For this man with no scruples, there is no lie too scurrilous in his manic scramble to save his presidency. Trump’s attempt to impugn the reputation of Lieutenant Colonel Alexander S. Vindman, the top Ukraine expert on the National Security Council, is a spectacular low in a presidency that keeps finding disturbing new depths nearly every day.

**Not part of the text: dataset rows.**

(* In the setting described in the context, $\sum_{i=1}^{m-1} L_1(\overline{p}_i,\overline{q}_i)\le 4\cdot L_1(p_1',t)$, where $p_1'$ is the vertical projection of $p_1$ onto $\ell_t^-$ and $L_1$ denotes the $L_1$ distance.
   Context: $P$ is a finite set of points in the plane, $s,t\in P$ distinct, and coordinates are chosen so that $t=(0,0)$ and $s$ lies in $C_2^t$ below the line $\ell_t^-=\{x+y=0\}$. Cones: $C_0^v=\{x\ge v_x,y\le v_y\}$, $C_1^v=\{x\ge v_x,y\ge v_y\}$, $C_2^v=\{x\le v_x,y\ge v_y\}$, $C_3^v=\{x\le v_x,y\le v_y\}$ with bisector directions $(1,-1),(1,1),(-1,1),(-1,-1)$. The $\Theta_4$-graph of $P$ has, for each $v\in P$ and cone $C_i^v$ containing a point of $P\setminus\{v\}$, a directed edge from $v$ to a point $w$ of $(P\setminus\{v\})\cap C_i^v$ minimizing the projection of $w-v$ onto the bisector direction (the neighbour of $v$ in $C_i^v$). For a point $p$, $\ell_p^+$ is the line through $p$ of slope $+1$, and $\overline{p}$ denotes the intersection point of $\ell_t^-$ and $\ell_p^+$. Algorithm: for a vertex $v$, let $T(v,\ell_t^-)=C_1^v\cap\{x+y\le0\}$ if $v_x+v_y<0$, $T(v,\ell_t^-)=C_3^v\cap\{x+y\ge0\}$ if $v_x+v_y>0$, and $\{v\}$ if $v_x+v_y=0$; $v$ is clean if $T(v,\ell_t^-)$ contains no point of $P$ other than $v$. Starting at $v=s$, while $v\ne t$: if $v$ is not clean, take a sweeping step (go to the neighbour of $v$ in $C_1^v$, resp. $C_3^v$); otherwise take a greedy step (go to the neighbour of $v$ in the cone $C_i^v$ containing $t$). Let $(p_1,q_1),\dots,(p_{m-1},q_{m-1})$ be, in order, the edges traversed by greedy steps, and set $p_m=t$. *)

theory Defs
  imports Complex_Main
begin

type_synonym pt = "real \<times> real"

definition cone :: "nat \<Rightarrow> pt \<Rightarrow> pt set" where
  "cone i v =
     (if i = 0 then {w. fst w \<ge> fst v \<and> snd w \<le> snd v}
      else if i = 1 then {w. fst w \<ge> fst v \<and> snd w \<ge> snd v}
      else if i = 2 then {w. fst w \<le> fst v \<and> snd w \<ge> snd v}
      else {w. fst w \<le> fst v \<and> snd w \<le> snd v})"
(* Let $\Omega=(a_1,b_1)\times\cdots\times(a_n,b_n)\subset\mathbb{R}^n$ be a bounded box. There is a constant $C_P(\Omega)$, independent of the admissible mesh size vector $h$, such that $\|u\|_{L^2}\le C_P(\Omega)\|u\|_D$ for all $u\in W_0^{1,2}(\overline{\Omega}_h)$. Moreover $$\frac{1}{\lambda_{1,h}}\le C_P(\Omega)^2\le\frac{1}{4n^2}\sum_{i=1}^n(b_i-a_i)^2,$$ where the lower bound is optimal (for fixed $h$ the smallest admissible constant $C$ satisfies $C^2=1/\lambda_{1,h}$).
   Context: Admissible mesh: $h_i>0$, $a_i=k_ih_i$, $b_i=l_ih_i$, $k_i,l_i\in\mathbb{Z}$, $l_i-k_i>1$; $\mathbb{R}^n_h=\{(h_1z_1,\dots,h_nz_n):z_i\in\mathbb{Z}\}$, $\overline{\Omega}_h=\overline{\Omega}\cap\mathbb{R}^n_h$, $\partial\Omega_h=\partial\Omega\cap\mathbb{R}^n_h$, $\partial_i^+\Omega_h=\partial\Omega_h\cap\{x_i=b_i\}$, $\mathbf{h}=h_1\cdots h_n$, $D_i^+u(x)=(u(x+h_ie_i)-u(x))/h_i$. $\|u\|_{L^2}^2=\sum_{x\in\overline{\Omega}_h}|u(x)|^2\mathbf{h}$, $\|u\|_D^2=\sum_{i=1}^n\sum_{x\in\overline{\Omega}_h\setminus\partial_i^+\Omega_h}|D_i^+u(x)|^2\mathbf{h}$. $W_0^{1,2}(\overline{\Omega}_h)$ is the set of $u:\overline{\Omega}_h\to\mathbb{R}$ with $u=0$ on $\partial\Omega_h$. $\lambda_{1,h}=\sum_{i=1}^n\frac{4}{h_i^2}\sin^2\big(\frac{\pi h_i}{2(b_i-a_i)}\big)$ is the first Dirichlet eigenvalue of $-\Delta_h$, $\Delta_hu(x)=\sum_i\frac{u(x+h_ie_i)-2u(x)+u(x-h_ie_i)}{h_i^2}$. *)

theory Defs
  imports "HOL-Analysis.Analysis"
begin

text \<open>Points of R^n are functions 'n \<Rightarrow> real for a finite index type 'n (n = CARD('n)).
  The box is Omega = prod_i (a i, b i); h is the mesh size vector.\<close>

definition admissible_mesh :: "('n::finite \<Rightarrow> real) \<Rightarrow> ('n \<Rightarrow> real) \<Rightarrow> ('n \<Rightarrow> real) \<Rightarrow> bool" where
  "admissible_mesh a b h \<longleftrightarrow>
     (\<forall>i. h i > 0 \<and> (\<exists>k l :: int. a i = of_int k * h i \<and> b i = of_int l * h i \<and> l - k > 1))"

definition grid_closed :: "('n::finite \<Rightarrow> real) \<Rightarrow> ('n \<Rightarrow> real) \<Rightarrow> ('n \<Rightarrow> real) \<Rightarrow> ('n \<Rightarrow> real) set" where
  "grid_closed a b h = {x. \<forall>i. a i \<le> x i \<and> x i \<le> b i \<and> (\<exists>z::int. x i = h i * of_int z)}"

Trump is furious because Vindman did something anathema to this president — he told the truth. Vindman told House impeachment investigators that he heard firsthand Trump’s July call to Ukraine president Volodymyr Zelensky. He “did not think it was proper” when Trump asked Zelensky to investigate Hunter Biden, the son of former vice president Joe Biden, a Democratic presidential candidate, in exchange for military aid. Vindman also testified that the White House transcript of the call scrubbed certain words and that his efforts to restore them were thwarted.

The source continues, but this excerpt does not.